Start of Block

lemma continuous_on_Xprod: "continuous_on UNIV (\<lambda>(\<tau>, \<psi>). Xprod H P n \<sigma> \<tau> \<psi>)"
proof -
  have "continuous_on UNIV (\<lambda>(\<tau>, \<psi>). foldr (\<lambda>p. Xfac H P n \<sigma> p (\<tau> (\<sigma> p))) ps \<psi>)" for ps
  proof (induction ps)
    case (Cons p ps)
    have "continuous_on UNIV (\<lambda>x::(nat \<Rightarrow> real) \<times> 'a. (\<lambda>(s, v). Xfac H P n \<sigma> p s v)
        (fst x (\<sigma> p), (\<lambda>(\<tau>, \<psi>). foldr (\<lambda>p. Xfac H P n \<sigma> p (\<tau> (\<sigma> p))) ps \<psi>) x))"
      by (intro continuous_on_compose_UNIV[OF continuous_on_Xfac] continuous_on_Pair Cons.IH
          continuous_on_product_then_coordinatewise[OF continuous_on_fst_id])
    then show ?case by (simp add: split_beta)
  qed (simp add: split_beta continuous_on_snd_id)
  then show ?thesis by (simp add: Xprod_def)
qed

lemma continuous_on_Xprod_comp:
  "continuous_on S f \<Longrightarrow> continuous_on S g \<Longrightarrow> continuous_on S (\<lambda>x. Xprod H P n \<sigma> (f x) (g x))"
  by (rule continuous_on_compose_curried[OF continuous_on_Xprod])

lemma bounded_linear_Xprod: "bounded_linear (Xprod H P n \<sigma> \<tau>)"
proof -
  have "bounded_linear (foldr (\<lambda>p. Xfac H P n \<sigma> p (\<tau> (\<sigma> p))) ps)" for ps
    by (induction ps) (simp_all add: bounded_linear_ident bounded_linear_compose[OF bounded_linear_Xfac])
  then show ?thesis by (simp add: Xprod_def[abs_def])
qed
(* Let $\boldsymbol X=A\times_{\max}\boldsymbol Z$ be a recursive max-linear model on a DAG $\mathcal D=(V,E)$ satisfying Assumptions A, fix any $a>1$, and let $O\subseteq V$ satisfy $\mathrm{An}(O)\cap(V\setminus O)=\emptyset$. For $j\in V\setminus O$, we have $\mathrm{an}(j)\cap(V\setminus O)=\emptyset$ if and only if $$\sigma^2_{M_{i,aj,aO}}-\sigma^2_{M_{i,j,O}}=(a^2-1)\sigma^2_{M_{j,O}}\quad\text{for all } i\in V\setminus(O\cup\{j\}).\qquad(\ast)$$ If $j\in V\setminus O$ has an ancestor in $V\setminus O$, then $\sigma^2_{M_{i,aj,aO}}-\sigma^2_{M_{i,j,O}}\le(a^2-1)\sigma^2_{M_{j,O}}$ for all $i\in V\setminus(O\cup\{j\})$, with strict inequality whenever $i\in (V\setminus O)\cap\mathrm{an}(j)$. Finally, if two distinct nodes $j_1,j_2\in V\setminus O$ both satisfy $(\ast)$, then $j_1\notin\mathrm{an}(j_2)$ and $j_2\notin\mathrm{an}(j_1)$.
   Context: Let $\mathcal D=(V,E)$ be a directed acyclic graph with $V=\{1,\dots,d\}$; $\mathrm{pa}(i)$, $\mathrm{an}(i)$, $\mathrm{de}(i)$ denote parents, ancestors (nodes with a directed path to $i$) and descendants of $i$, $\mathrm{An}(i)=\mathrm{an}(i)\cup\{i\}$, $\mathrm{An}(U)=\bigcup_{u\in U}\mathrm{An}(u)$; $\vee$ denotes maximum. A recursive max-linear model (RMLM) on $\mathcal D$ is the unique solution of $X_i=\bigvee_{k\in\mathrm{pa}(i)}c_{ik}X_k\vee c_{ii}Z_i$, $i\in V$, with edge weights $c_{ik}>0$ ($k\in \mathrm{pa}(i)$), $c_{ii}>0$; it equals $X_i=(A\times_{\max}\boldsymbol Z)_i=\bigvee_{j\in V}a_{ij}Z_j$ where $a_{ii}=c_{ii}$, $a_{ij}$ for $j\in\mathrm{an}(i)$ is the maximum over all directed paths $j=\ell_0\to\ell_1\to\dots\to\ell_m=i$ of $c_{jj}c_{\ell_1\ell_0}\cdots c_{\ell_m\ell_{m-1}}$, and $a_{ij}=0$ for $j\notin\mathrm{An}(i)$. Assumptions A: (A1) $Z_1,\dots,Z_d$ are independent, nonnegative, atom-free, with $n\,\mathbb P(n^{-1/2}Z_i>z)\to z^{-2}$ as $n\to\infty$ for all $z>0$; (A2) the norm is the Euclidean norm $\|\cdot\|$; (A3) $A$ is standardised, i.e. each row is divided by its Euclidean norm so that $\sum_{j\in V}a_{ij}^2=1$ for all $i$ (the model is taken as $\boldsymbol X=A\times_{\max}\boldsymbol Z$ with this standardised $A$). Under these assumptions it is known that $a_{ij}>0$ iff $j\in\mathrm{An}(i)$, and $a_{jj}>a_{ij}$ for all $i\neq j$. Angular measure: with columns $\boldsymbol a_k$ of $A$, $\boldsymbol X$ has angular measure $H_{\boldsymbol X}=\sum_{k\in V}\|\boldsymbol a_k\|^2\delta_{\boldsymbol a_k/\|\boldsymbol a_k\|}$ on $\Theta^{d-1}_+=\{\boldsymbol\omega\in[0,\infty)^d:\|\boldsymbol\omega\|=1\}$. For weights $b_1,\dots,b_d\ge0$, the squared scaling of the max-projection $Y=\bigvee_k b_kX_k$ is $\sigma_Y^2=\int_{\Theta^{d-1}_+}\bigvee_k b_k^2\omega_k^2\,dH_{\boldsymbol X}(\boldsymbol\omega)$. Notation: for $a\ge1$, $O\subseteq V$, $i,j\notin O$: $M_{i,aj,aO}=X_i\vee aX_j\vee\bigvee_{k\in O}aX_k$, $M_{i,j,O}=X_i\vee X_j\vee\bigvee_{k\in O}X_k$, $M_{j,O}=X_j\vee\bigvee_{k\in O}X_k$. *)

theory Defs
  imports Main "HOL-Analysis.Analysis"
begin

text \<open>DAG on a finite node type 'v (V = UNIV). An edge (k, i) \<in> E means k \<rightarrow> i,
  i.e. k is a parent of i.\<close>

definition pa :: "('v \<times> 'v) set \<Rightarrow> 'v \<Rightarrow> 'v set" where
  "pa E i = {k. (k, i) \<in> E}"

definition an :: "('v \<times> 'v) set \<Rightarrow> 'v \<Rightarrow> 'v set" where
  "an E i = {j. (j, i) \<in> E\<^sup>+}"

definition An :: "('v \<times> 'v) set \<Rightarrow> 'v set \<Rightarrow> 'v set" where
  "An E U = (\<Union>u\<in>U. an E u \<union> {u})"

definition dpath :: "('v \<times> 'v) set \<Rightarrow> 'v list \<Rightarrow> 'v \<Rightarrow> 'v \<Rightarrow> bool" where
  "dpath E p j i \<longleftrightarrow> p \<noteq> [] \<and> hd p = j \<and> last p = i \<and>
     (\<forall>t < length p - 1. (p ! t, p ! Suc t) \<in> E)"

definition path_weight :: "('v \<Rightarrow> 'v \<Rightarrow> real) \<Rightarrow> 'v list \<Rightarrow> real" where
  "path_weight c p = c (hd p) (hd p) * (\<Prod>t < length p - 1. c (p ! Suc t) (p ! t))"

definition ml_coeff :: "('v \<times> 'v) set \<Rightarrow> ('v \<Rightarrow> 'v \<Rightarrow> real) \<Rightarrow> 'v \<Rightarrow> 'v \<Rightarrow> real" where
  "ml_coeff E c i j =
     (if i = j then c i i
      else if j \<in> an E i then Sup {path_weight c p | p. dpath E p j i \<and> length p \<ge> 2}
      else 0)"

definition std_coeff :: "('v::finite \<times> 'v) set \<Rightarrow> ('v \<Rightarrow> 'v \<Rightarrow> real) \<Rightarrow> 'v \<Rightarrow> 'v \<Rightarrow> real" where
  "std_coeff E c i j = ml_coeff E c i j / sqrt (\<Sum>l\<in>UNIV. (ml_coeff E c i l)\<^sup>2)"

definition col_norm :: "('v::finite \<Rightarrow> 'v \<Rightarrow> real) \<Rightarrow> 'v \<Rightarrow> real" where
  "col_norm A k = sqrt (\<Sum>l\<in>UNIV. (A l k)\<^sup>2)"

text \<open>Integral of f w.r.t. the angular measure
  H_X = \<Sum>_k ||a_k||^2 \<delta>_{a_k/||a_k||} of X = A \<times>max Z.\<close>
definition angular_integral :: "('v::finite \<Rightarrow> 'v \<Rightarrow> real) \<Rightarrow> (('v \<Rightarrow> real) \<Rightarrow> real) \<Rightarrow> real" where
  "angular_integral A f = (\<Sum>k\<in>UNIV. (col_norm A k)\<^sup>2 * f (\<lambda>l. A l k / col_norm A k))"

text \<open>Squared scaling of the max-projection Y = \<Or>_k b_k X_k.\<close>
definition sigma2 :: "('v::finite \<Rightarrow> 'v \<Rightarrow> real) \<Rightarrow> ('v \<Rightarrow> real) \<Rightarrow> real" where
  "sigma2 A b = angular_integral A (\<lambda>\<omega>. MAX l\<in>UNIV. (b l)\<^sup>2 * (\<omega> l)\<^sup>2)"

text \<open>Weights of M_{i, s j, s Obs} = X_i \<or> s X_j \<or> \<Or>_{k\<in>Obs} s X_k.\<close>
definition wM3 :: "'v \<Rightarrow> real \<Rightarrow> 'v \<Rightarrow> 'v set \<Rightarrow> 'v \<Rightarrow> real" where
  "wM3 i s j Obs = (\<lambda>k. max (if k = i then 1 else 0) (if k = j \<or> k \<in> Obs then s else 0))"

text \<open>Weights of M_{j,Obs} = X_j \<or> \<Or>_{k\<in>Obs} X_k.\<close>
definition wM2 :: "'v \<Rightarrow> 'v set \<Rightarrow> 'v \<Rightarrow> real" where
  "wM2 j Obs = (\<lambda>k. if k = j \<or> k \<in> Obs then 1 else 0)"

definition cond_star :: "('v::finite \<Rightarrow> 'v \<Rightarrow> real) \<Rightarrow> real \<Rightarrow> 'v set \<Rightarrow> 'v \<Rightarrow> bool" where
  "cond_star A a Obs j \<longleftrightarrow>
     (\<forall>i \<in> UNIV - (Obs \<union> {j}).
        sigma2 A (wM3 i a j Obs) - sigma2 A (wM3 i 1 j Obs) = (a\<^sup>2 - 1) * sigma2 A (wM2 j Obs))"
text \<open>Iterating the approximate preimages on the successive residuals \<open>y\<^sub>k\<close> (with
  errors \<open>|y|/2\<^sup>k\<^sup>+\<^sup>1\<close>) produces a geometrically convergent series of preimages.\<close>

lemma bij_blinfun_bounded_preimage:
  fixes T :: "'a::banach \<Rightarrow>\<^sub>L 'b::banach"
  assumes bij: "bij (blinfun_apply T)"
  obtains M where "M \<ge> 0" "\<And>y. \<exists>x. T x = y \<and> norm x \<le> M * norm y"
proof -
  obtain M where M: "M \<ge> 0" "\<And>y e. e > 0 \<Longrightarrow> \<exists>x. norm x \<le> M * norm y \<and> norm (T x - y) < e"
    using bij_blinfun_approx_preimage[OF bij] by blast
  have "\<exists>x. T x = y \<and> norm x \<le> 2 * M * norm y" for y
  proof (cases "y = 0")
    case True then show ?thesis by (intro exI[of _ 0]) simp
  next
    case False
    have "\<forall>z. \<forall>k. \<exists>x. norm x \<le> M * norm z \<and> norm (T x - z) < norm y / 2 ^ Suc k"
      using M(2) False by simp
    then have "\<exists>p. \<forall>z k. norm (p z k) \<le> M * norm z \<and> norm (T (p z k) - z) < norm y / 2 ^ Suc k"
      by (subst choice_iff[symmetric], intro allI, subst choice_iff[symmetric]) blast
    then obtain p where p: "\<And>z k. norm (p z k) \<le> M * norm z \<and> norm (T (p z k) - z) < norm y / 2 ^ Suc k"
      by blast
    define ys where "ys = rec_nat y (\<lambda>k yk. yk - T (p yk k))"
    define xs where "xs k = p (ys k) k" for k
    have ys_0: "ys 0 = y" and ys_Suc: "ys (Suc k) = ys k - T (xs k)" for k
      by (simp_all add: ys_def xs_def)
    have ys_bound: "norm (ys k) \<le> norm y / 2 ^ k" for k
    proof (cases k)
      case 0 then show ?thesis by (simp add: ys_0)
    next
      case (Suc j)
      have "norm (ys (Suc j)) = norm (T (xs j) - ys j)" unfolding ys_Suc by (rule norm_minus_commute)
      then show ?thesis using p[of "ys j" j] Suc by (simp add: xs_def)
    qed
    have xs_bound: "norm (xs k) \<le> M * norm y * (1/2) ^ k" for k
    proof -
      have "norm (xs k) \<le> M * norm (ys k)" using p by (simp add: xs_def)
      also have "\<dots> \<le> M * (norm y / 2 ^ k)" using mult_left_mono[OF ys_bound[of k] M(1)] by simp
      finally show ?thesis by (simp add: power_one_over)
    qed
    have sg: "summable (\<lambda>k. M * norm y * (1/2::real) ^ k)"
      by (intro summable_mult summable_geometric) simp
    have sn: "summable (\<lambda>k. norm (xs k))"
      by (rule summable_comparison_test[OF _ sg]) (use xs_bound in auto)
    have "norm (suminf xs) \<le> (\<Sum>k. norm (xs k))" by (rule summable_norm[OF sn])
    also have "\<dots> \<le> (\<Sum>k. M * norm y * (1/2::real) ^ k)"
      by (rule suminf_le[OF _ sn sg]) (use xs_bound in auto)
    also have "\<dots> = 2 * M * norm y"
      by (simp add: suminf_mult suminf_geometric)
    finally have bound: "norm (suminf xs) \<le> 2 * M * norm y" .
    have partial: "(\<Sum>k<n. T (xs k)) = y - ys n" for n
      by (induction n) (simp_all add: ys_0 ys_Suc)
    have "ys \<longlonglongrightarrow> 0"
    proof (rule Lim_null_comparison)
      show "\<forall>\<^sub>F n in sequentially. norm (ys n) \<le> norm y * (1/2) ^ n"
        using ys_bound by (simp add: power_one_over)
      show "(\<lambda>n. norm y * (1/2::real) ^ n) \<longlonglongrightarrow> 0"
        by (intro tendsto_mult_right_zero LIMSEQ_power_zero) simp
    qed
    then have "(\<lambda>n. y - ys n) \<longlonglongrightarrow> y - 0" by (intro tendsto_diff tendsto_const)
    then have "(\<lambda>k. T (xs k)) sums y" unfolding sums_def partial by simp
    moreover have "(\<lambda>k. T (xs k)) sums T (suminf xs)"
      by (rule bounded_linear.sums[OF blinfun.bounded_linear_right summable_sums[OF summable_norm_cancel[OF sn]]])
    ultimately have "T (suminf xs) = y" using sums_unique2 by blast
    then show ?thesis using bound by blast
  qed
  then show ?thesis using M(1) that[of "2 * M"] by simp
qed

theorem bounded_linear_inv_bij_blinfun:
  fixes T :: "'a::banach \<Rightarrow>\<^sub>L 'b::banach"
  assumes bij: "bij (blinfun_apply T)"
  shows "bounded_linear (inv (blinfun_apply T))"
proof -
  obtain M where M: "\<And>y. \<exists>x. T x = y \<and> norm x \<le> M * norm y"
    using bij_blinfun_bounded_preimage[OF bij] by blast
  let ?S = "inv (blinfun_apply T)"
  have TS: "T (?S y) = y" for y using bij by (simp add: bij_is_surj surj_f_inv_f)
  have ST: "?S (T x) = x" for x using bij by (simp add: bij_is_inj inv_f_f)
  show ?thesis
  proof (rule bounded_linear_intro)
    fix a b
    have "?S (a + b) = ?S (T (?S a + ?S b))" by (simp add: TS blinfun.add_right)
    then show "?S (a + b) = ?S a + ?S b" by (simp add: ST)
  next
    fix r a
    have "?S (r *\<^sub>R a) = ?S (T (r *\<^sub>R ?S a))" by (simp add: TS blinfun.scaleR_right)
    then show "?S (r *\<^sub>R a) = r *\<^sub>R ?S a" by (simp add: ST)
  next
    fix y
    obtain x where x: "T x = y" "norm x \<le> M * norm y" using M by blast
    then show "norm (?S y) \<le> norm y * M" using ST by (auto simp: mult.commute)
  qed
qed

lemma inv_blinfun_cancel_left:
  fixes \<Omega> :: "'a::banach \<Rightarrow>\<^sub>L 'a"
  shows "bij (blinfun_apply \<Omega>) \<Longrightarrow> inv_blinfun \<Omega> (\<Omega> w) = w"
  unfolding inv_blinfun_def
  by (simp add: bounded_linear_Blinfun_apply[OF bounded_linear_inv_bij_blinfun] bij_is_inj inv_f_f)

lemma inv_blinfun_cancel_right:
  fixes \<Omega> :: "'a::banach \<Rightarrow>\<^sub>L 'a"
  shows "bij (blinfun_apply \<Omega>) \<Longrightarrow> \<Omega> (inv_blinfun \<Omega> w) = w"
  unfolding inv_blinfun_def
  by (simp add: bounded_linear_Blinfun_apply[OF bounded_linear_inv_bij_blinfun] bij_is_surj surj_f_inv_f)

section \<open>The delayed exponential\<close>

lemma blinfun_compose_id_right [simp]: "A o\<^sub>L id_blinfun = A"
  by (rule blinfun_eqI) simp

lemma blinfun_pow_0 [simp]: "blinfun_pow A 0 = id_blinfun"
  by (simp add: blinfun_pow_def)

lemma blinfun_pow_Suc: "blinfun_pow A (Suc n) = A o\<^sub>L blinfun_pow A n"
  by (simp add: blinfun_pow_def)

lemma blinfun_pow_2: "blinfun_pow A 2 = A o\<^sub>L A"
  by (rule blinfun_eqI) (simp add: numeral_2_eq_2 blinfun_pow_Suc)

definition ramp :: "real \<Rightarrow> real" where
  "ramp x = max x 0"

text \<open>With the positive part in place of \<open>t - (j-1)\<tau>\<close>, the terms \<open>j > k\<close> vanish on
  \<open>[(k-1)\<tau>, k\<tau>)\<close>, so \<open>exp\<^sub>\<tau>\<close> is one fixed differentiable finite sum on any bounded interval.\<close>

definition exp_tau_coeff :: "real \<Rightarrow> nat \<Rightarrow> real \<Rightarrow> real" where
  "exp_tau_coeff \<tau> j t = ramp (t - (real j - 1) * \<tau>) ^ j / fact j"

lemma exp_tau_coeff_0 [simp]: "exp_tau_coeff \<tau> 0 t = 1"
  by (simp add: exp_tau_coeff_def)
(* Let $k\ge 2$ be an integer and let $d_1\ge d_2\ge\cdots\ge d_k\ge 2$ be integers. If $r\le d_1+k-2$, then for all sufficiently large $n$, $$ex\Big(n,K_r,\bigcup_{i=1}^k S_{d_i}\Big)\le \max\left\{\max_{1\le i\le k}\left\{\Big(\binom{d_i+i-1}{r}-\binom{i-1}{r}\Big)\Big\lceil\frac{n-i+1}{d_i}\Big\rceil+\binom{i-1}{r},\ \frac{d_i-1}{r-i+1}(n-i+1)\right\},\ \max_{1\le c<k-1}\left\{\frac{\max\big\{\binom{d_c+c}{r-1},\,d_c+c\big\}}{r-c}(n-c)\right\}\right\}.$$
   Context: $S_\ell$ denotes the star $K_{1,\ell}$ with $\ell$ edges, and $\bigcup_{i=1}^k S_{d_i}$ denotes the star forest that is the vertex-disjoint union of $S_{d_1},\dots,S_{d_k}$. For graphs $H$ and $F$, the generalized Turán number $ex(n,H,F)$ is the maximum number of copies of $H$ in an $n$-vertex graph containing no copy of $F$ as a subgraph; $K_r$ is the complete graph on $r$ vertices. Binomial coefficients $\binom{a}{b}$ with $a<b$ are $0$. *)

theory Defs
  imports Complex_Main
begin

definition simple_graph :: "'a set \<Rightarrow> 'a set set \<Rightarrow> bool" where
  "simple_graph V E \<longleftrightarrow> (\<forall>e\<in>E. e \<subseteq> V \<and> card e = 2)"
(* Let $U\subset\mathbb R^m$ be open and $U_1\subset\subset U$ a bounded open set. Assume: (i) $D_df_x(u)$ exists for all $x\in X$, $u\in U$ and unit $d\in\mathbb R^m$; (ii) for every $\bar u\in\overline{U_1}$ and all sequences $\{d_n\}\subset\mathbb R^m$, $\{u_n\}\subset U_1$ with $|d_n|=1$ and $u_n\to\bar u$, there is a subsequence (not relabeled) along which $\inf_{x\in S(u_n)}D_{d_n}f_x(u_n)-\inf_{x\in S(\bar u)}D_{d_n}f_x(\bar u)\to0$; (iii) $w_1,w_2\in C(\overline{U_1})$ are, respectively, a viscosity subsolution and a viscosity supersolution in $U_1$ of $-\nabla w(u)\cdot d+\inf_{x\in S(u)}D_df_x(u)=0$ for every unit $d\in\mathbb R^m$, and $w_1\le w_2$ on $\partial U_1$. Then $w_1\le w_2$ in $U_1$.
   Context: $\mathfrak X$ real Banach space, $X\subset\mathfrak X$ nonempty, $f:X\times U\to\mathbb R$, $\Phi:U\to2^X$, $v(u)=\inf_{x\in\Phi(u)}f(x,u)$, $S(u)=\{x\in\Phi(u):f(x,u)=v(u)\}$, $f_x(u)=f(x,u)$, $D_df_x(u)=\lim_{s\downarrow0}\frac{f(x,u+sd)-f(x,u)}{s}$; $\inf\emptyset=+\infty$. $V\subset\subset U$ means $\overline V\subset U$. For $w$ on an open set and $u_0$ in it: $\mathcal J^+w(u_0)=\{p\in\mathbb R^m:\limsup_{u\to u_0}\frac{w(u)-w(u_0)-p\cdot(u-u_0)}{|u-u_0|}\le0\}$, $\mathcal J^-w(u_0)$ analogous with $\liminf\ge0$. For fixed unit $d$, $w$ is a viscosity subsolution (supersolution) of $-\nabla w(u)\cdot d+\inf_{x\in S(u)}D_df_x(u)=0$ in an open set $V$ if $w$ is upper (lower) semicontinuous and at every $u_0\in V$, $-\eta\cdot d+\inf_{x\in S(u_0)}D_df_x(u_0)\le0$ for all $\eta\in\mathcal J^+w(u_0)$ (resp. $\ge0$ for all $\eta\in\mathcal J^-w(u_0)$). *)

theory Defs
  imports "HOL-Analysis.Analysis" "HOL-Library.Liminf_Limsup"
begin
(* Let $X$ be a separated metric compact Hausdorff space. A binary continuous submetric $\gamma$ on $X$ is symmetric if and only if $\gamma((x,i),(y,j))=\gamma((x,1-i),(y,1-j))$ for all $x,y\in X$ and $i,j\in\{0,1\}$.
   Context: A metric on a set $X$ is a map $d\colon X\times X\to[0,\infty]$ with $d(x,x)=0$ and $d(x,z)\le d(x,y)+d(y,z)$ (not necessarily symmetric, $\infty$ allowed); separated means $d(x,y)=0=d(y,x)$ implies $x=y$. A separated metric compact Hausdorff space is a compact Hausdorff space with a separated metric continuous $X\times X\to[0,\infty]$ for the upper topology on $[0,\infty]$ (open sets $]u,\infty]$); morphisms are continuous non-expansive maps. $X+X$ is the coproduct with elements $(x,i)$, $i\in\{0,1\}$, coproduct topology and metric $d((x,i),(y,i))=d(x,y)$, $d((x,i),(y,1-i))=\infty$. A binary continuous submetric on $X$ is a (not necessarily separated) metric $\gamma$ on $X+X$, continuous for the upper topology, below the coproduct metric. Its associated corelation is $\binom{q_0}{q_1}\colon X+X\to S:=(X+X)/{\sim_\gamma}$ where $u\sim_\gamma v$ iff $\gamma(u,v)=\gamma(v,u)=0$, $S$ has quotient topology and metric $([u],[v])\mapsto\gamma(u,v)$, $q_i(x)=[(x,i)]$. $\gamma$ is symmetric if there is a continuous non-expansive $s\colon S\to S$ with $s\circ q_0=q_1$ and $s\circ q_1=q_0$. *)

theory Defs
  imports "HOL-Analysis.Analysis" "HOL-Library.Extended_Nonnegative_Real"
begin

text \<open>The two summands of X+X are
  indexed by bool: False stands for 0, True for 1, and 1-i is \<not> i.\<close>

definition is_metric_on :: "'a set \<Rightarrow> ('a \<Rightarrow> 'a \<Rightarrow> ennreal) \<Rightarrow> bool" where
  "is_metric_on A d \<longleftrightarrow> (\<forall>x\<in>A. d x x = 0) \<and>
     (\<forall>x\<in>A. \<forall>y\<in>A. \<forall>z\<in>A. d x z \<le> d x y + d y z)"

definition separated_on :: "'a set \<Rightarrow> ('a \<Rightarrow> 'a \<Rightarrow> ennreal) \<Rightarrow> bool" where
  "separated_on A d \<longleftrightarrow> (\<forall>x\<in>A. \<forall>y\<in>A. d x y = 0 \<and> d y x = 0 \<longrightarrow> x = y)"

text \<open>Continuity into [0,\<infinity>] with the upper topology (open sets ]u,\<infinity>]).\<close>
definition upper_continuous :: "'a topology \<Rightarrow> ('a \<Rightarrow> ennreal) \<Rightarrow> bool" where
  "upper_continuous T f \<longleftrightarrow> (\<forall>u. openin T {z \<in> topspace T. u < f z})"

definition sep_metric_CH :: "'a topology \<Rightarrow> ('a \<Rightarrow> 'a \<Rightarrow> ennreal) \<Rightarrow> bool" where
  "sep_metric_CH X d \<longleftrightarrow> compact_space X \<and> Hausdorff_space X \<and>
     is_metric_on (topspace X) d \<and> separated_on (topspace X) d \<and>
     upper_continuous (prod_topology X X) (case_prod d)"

End of Block

* WHAT THE TASK REQUIRES
All lines in the listing above between the line with "UNIV (\<lambda>(\<tau>, \<psi>). foldr" and the line with "by (intro continuous_on_compose_UNIV[OF", inclusive, should be set down exactly, and no line outside that range.

* TASK OUTPUT
  have "continuous_on UNIV (\<lambda>(\<tau>, \<psi>). foldr (\<lambda>p. Xfac H P n \<sigma> p (\<tau> (\<sigma> p))) ps \<psi>)" for ps
  proof (induction ps)
    case (Cons p ps)
    have "continuous_on UNIV (\<lambda>x::(nat \<Rightarrow> real) \<times> 'a. (\<lambda>(s, v). Xfac H P n \<sigma> p s v)
        (fst x (\<sigma> p), (\<lambda>(\<tau>, \<psi>). foldr (\<lambda>p. Xfac H P n \<sigma> p (\<tau> (\<sigma> p))) ps \<psi>) x))"
      by (intro continuous_on_compose_UNIV[OF continuous_on_Xfac] continuous_on_Pair Cons.IH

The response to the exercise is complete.